Copying exactly, give the lines in the material below from the one with "(\<Sum>z'\<in>UNIV. Phi P" to the one with "by (intro tilted_product_chain.intro) (use", ends included, and nothing besides.
BEGIN
lemma tilted_product_chain_swap:
  assumes "tilted_product_chain P Q piQ f \<theta> r pis" "invariant_prob P piP"
  shows "tilted_product_chain Q P piP (f \<circ> prod.swap) \<theta> (r \<circ> prod.swap) (pis \<circ> prod.swap)"
proof -
  interpret tilted_product_chain P Q piQ f \<theta> r pis
    by (fact assms(1))
  have eigen: "(\<Sum>z'\<in>UNIV. Phi Q P (f \<circ> prod.swap) \<theta> z z' * r (prod.swap z')) = r (prod.swap z)" for z
    using eigenvector[of "prod.swap z"]
    by (simp add: Phi_swap sum_UNIV_swap[where g = "\<lambda>z'. Phi P Q f \<theta> (prod.swap z) z' * r z'"])
  have stationary: "(\<Sum>z\<in>UNIV. pis (prod.swap z) * (r (prod.swap z') / r (prod.swap z)
      * Phi Q P (f \<circ> prod.swap) \<theta> z z')) = pis (prod.swap z')" for z'
  proof -
    have "(\<Sum>z\<in>UNIV. pis (prod.swap z) * (r (prod.swap z') / r (prod.swap z)
        * Phi Q P (f \<circ> prod.swap) \<theta> z z'))
        = (\<Sum>z\<in>UNIV. pis z * (r (prod.swap z') / r z * Phi P Q f \<theta> z (prod.swap z')))"
      unfolding Phi_swap by (rule sum_UNIV_swap)
    also have "\<dots> = pis (prod.swap z')"
      using invariant_pis unfolding invariant_prob_def by blast
    finally show ?thesis .
  qed
  show ?thesis
    by (intro tilted_product_chain.intro)
      (use assms(2) stochastic_P stochastic_Q irreducible_P irreducible_Q \<theta>_pos r_pos eigen
        stationary shift_sensitive_swap[OF shift_sensitive_PQ] pis_nonneg in \<open>auto simp: invariant_prob_def sum_UNIV_swap[of pis] pis_sum\<close>)
qed

theorem lemma5p8:
  fixes P Q :: "'a::finite \<Rightarrow> 'a \<Rightarrow> real"
    and piP piQ :: "'a \<Rightarrow> real"
    and f :: "'a \<times> 'a \<Rightarrow> int"
    and \<theta>s :: real
    and rs :: "'a \<times> 'a \<Rightarrow> real"
    and pis :: "'a \<times> 'a \<Rightarrow> real"
  assumes "stochastic P" "irreducible_mat P" "aperiodic_mat P"
    and "stochastic Q" "irreducible_mat Q" "aperiodic_mat Q"
    and "invariant_prob P piP" "invariant_prob Q piQ"
    and "Gcd (range f) = 1"
    and mu_neg: "(\<Sum>z\<in>UNIV. piP (fst z) * piQ (snd z) * real_of_int (f z)) < 0"
    and "cond_C1 P Q f" "cond_C2 P Q f"
    and "\<theta>s > 0" "spectral_radius_mat (Phi P Q f \<theta>s) = 1"
    and "\<forall>z. rs z > 0"
    and "\<forall>z. (\<Sum>z'\<in>UNIV. Phi P Q f \<theta>s z z' * rs z') = rs z"
    and "invariant_prob (\<lambda>z z'. rs z' / rs z * Phi P Q f \<theta>s z z') pis"
  shows "(\<Sum>z\<in>UNIV. (\<Sum>y\<in>UNIV. pis (fst z, y)) * piQ (snd z) * real_of_int (f z))
           < (\<Sum>z\<in>UNIV. pis z * real_of_int (f z))
         \<and> (\<Sum>z\<in>UNIV. piP (fst z) * (\<Sum>x\<in>UNIV. pis (x, snd z)) * real_of_int (f z))
           < (\<Sum>z\<in>UNIV. pis z * real_of_int (f z))"
proof -
  interpret tilted_product_chain P Q piQ f \<theta>s rs pis
    by (intro tilted_product_chain.intro) (use assms cond_C2_imp_shift_sensitive in auto)
  interpret swapped: tilted_product_chain Q P piP "f \<circ> prod.swap" \<theta>s "rs \<circ> prod.swap" "pis \<circ> prod.swap"
    using tilted_product_chain_axioms assms(7) by (rule tilted_product_chain_swap)
  have "(\<Sum>z\<in>UNIV. piP (fst z) * (\<Sum>x\<in>UNIV. pis (x, snd z)) * real_of_int (f z))
      < (\<Sum>z\<in>UNIV. pis z * real_of_int (f z))"
    using swapped.marginal_fst_product_less sum_UNIV_swap[where g = "\<lambda>z. pis z * real_of_int (f z)"]
      sum_UNIV_swap[where g = "\<lambda>z. piP (fst z) * (\<Sum>x\<in>UNIV. pis (x, snd z)) * real_of_int (f z)"]
    by (simp add: swapped.marginal_fst_def mult_ac)
  then show ?thesis
    using marginal_fst_product_less by (simp add: marginal_fst_def)
qed

end
lemma cplx_points_in_closed_simplex:
  assumes "a \<in> cplx_points Simp" "finite B" "{v. a v \<noteq> 0} \<subseteq> B"
  shows "a \<in> closed_simplex B"
proof -
  have "sum a B = sum a {v. a v \<noteq> 0}" using assms(2,3) by (intro sum.mono_neutral_right) auto
  then show ?thesis using assms(1,3) by (auto simp: closed_simplex_def cplx_points_def)
qed

locale abstract_simplicial_complex =
  fixes Simp :: "'v set \<Rightarrow> bool"
  assumes simplex_finite: "Simp S \<Longrightarrow> finite S"
    and simplex_face: "Simp S \<Longrightarrow> T \<subseteq> S \<Longrightarrow> T \<noteq> {} \<Longrightarrow> Simp T"
begin

lemma closed_simplex_subset_cplx_points:
  assumes "Simp S"
  shows "closed_simplex S \<subseteq> cplx_points Simp"
proof
  fix t assume t: "t \<in> closed_simplex S"
  have supp: "{v. t v \<noteq> 0} \<subseteq> S" using t by (auto simp: closed_simplex_def)
  have "sum t {v. t v \<noteq> 0} = sum t S"
    using simplex_finite[OF assms] supp by (intro sum.mono_neutral_left) auto
  then have sum1: "sum t {v. t v \<noteq> 0} = 1" using t by (simp add: closed_simplex_def)
  then have "{v. t v \<noteq> 0} \<noteq> {}" by force
  then show "t \<in> cplx_points Simp"
    using t sum1 simplex_face[OF assms supp] by (simp add: cplx_points_def closed_simplex_def)
qed

lemma topspace_weak_cplx_topology [simp]: "topspace (weak_cplx_topology Simp) = cplx_points Simp"
proof (rule subset_antisym)
  show "topspace (weak_cplx_topology Simp) \<subseteq> cplx_points Simp"
    using openin_topspace[of "weak_cplx_topology Simp"] unfolding openin_weak_cplx_topology by blast
  have "openin (subtopology (powertop_real UNIV) (closed_simplex S)) (cplx_points Simp \<inter> closed_simplex S)"
    if "Simp S" for S
    using closed_simplex_subset_cplx_points[OF that] openin_topspace[of "subtopology (powertop_real UNIV) (closed_simplex S)"]
    by (simp add: Int_absorb1)
  then have "openin (weak_cplx_topology Simp) (cplx_points Simp)"
    by (simp add: openin_weak_cplx_topology)
  then show "cplx_points Simp \<subseteq> topspace (weak_cplx_topology Simp)"
    by (rule openin_subset)
qed

lemma openin_weak_cplx_topology_Int:
  assumes "openin (powertop_real UNIV) T"
  shows "openin (weak_cplx_topology Simp) (T \<inter> cplx_points Simp)"
  unfolding openin_weak_cplx_topology
proof (intro conjI allI impI)
  fix S assume "Simp S"
  then have "T \<inter> cplx_points Simp \<inter> closed_simplex S = closed_simplex S \<inter> T"
    using closed_simplex_subset_cplx_points by auto
  then show "openin (subtopology (powertop_real UNIV) (closed_simplex S)) (T \<inter> cplx_points Simp \<inter> closed_simplex S)"
    using openin_subtopology_Int2[OF assms] by simp
qed auto

lemma continuous_map_weak_cplx_topology_id:
  "continuous_map (weak_cplx_topology Simp) (powertop_real UNIV) id"
  unfolding continuous_map_def
proof (intro conjI allI impI)
  fix U :: "('v \<Rightarrow> real) set" assume "openin (powertop_real UNIV) U"
  then have "openin (weak_cplx_topology Simp) (U \<inter> cplx_points Simp)"
    by (rule openin_weak_cplx_topology_Int)
  moreover have "{x \<in> topspace (weak_cplx_topology Simp). id x \<in> U} = U \<inter> cplx_points Simp"
    by auto
  ultimately show "openin (weak_cplx_topology Simp) {x \<in> topspace (weak_cplx_topology Simp). id x \<in> U}"
    by simp
qed simp

lemma Hausdorff_weak_cplx_topology: "Hausdorff_space (weak_cplx_topology Simp)"
  by (rule Hausdorff_space_injective_preimage[OF _ continuous_map_weak_cplx_topology_id])
    (auto simp: Hausdorff_space_product_topology)
(* If MAPTree is run without a time budget, the binary decision tree corresponding to its output solution graph is a maximum a posteriori tree, i.e. it maximizes $P(T\mid\mathcal X,\mathcal Y)\propto P(\mathcal Y\mid\mathcal X,T)\,P(T\mid\mathcal X)$ over binary decision trees $T$ on $\mathcal X$ all of whose nodes are reached by at least one sample.
   Context: Let $x_1,\dots,x_N\in\{0,1\}^F$ be a binary dataset $\mathcal X$ with labels $\mathcal Y\in\{0,1\}^N$, $[N]=\{1,\dots,N\}$. For $\mathcal I\subseteq[N]$, $f\in[F]$, $k\in\{0,1\}$ let $\mathcal I|_{f=k}=\{i\in\mathcal I:(x_i)_f=k\}$, $c^k(\mathcal I)=|\{i\in\mathcal I:y_i=k\}|$, $\mathcal V(\mathcal I)=\{f:\mathcal I|_{f=0}\neq\emptyset\text{ and }\mathcal I|_{f=1}\neq\emptyset\}$. Fix $\rho^1,\rho^0>0$, $\alpha\in(0,1)$, $\beta\ge0$; $\ell_{\rm leaf}(c^1,c^0)=B(c^1+\rho^1,c^0+\rho^0)/B(\rho^1,\rho^0)$ ($B$ the Beta function), $p_{\rm split}(d)=\alpha(1+d)^{-\beta}$, $p_{\rm leaf}(d,\mathcal I)=1$ if $\mathcal V(\mathcal I)=\emptyset$ else $1-p_{\rm split}(d)$, $p_{\rm inner}(d,\mathcal I)=0$ if $\mathcal V(\mathcal I)=\emptyset$ else $p_{\rm split}(d)/|\mathcal V(\mathcal I)|$; $-\log0=+\infty$, and a minimum over an empty set is $+\infty$. Trees: a binary decision tree $T$ on $\mathcal X$ is a finite rooted tree whose internal nodes $m$ carry features $f(m)\in[F]$ and have a $0$-child and a $1$-child; $d(n)$ is depth (root $0$), $\mathcal I(\mathrm{root})=[N]$, the $k$-child of $m$ has $\mathcal I(m)|_{f(m)=k}$. $P(T\mid\mathcal X)=\prod_{l\text{ leaf}}p_{\rm leaf}(d(l),\mathcal I(l))\prod_{m\text{ internal}}p_{\rm inner}(d(m),\mathcal I(m))$ and $P(\mathcal Y\mid\mathcal X,T)=\prod_{l\text{ leaf}}\ell_{\rm leaf}(c^1(\mathcal I(l)),c^0(\mathcal I(l)))$. Graph $\mathcal G=\mathcal G_{\mathcal X,\mathcal Y}$: for nonempty $\mathcal I\subseteq[N]$, $d\in\{0,\dots,F\}$, an OR node $o_{\mathcal I,d}$ with terminal child $t_{\mathcal I,d}$ (edge cost $-\log p_{\rm leaf}(d,\mathcal I)-\log\ell_{\rm leaf}(c^1(\mathcal I),c^0(\mathcal I))$); for $d<F$, $f\in\mathcal V(\mathcal I)$, an AND child $a_{\mathcal I,d,f}$ (edge cost $-\log p_{\rm inner}(d,\mathcal I)$) with cost-$0$ edges to $o_{\mathcal I|_{f=0},d+1}$, $o_{\mathcal I|_{f=1},d+1}$; root $r=o_{[N],0}$; only nodes reachable from $r$ kept. A solution graph is a node set $\mathcal S\ni r$, all nodes reachable from $r$ inside $\mathcal S$, every AND node of $\mathcal S$ having both children in $\mathcal S$ and every OR node exactly one child in $\mathcal S$. A tree $T$ corresponds to the solution graph $\{o_{\mathcal I(n),d(n)}:n\in T\}\cup\{t_{\mathcal I(n),d(n)}:n\text{ leaf}\}\cup\{a_{\mathcal I(m),d(m),f(m)}:m\text{ internal}\}$, and this is a bijection onto solution graphs. Heuristic: $h(o_{\mathcal I,d})=-\max\{\log\ell_{\rm leaf}(c^1(\mathcal I),c^0(\mathcal I)),\log p_{\rm split}(d)+\log\ell_{\rm leaf}(c^1(\mathcal I),0)+\log\ell_{\rm leaf}(0,c^0(\mathcal I))\}$. MAPTree maintains a node set $\mathcal G'$, a set $\mathcal E$ of expanded OR nodes, and values $LB[u],UB[u]\in\mathbb R\cup\{+\infty\}$ for OR nodes ($UB[u]=+\infty$ until set); for an AND node $a$ with children $o_0,o_1$, $LB[a]=LB[o_0]+LB[o_1]$, $UB[a]=UB[o_0]+UB[o_1]$. Initialize $\mathcal G'=\{r\}$, $\mathcal E=\emptyset$, $LB[r]=h(r)$, $UB[r]=+\infty$. While $LB[r]<UB[r]$: (1) $o:=r$; while $o\in\mathcal E$, choose an AND child $a^*$ of $o$ minimizing $\mathrm{cost}(o,a)+LB[a]$, with children $o_0,o_1$, and set $o:=o_0$ if $UB[o_0]-LB[o_0]>UB[o_1]-LB[o_1]$, else $o:=o_1$. (2) Add $o$ to $\mathcal E$ and its terminal child to $\mathcal G'$; for each AND child $a$ of $o$ with children $o_0,o_1$, add $a,o_0,o_1$ to $\mathcal G'$ and set $LB[o_0]:=h(o_0)$, $LB[o_1]:=h(o_1)$. (3) Starting from $Q=\{o\}$, repeatedly remove from $Q$ an OR node $u$ of maximal depth, compute $v=\min\{\min_a(\mathrm{cost}(u,a)+LB[a]),\mathrm{cost}(u,t_u)\}$ over AND children $a$ and terminal child $t_u$ of $u$; if $v>LB[u]$, set $LB[u]:=v$ and add to $Q$ every OR node of $\mathcal G'$ that is parent of an AND node of $\mathcal G'$ having $u$ as child. (4) The same with $UB$, updating when $v<UB[u]$. Output $\mathrm{getSolution}(r)$: for OR node $u$ with terminal child $t$, if $u$ has no AND child or $\mathrm{cost}(u,t)\le\min_a(\mathrm{cost}(u,a)+UB[a])$ return $\{u,t\}$; else with $a^*$ attaining the minimum and children $u_0,u_1$ return $\{u,a^*\}\cup\mathrm{getSolution}(u_0)\cup\mathrm{getSolution}(u_1)$. *)

theory Defs
  imports "HOL-Analysis.Analysis"
begin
END
### SOLUTION TO THIS TASK
    and "\<forall>z. (\<Sum>z'\<in>UNIV. Phi P Q f \<theta>s z z' * rs z') = rs z"
    and "invariant_prob (\<lambda>z z'. rs z' / rs z * Phi P Q f \<theta>s z z') pis"
  shows "(\<Sum>z\<in>UNIV. (\<Sum>y\<in>UNIV. pis (fst z, y)) * piQ (snd z) * real_of_int (f z))
           < (\<Sum>z\<in>UNIV. pis z * real_of_int (f z))
         \<and> (\<Sum>z\<in>UNIV. piP (fst z) * (\<Sum>x\<in>UNIV. pis (x, snd z)) * real_of_int (f z))
           < (\<Sum>z\<in>UNIV. pis z * real_of_int (f z))"
proof -
  interpret tilted_product_chain P Q piQ f \<theta>s rs pis
    by (intro tilted_product_chain.intro) (use assms cond_C2_imp_shift_sensitive in auto)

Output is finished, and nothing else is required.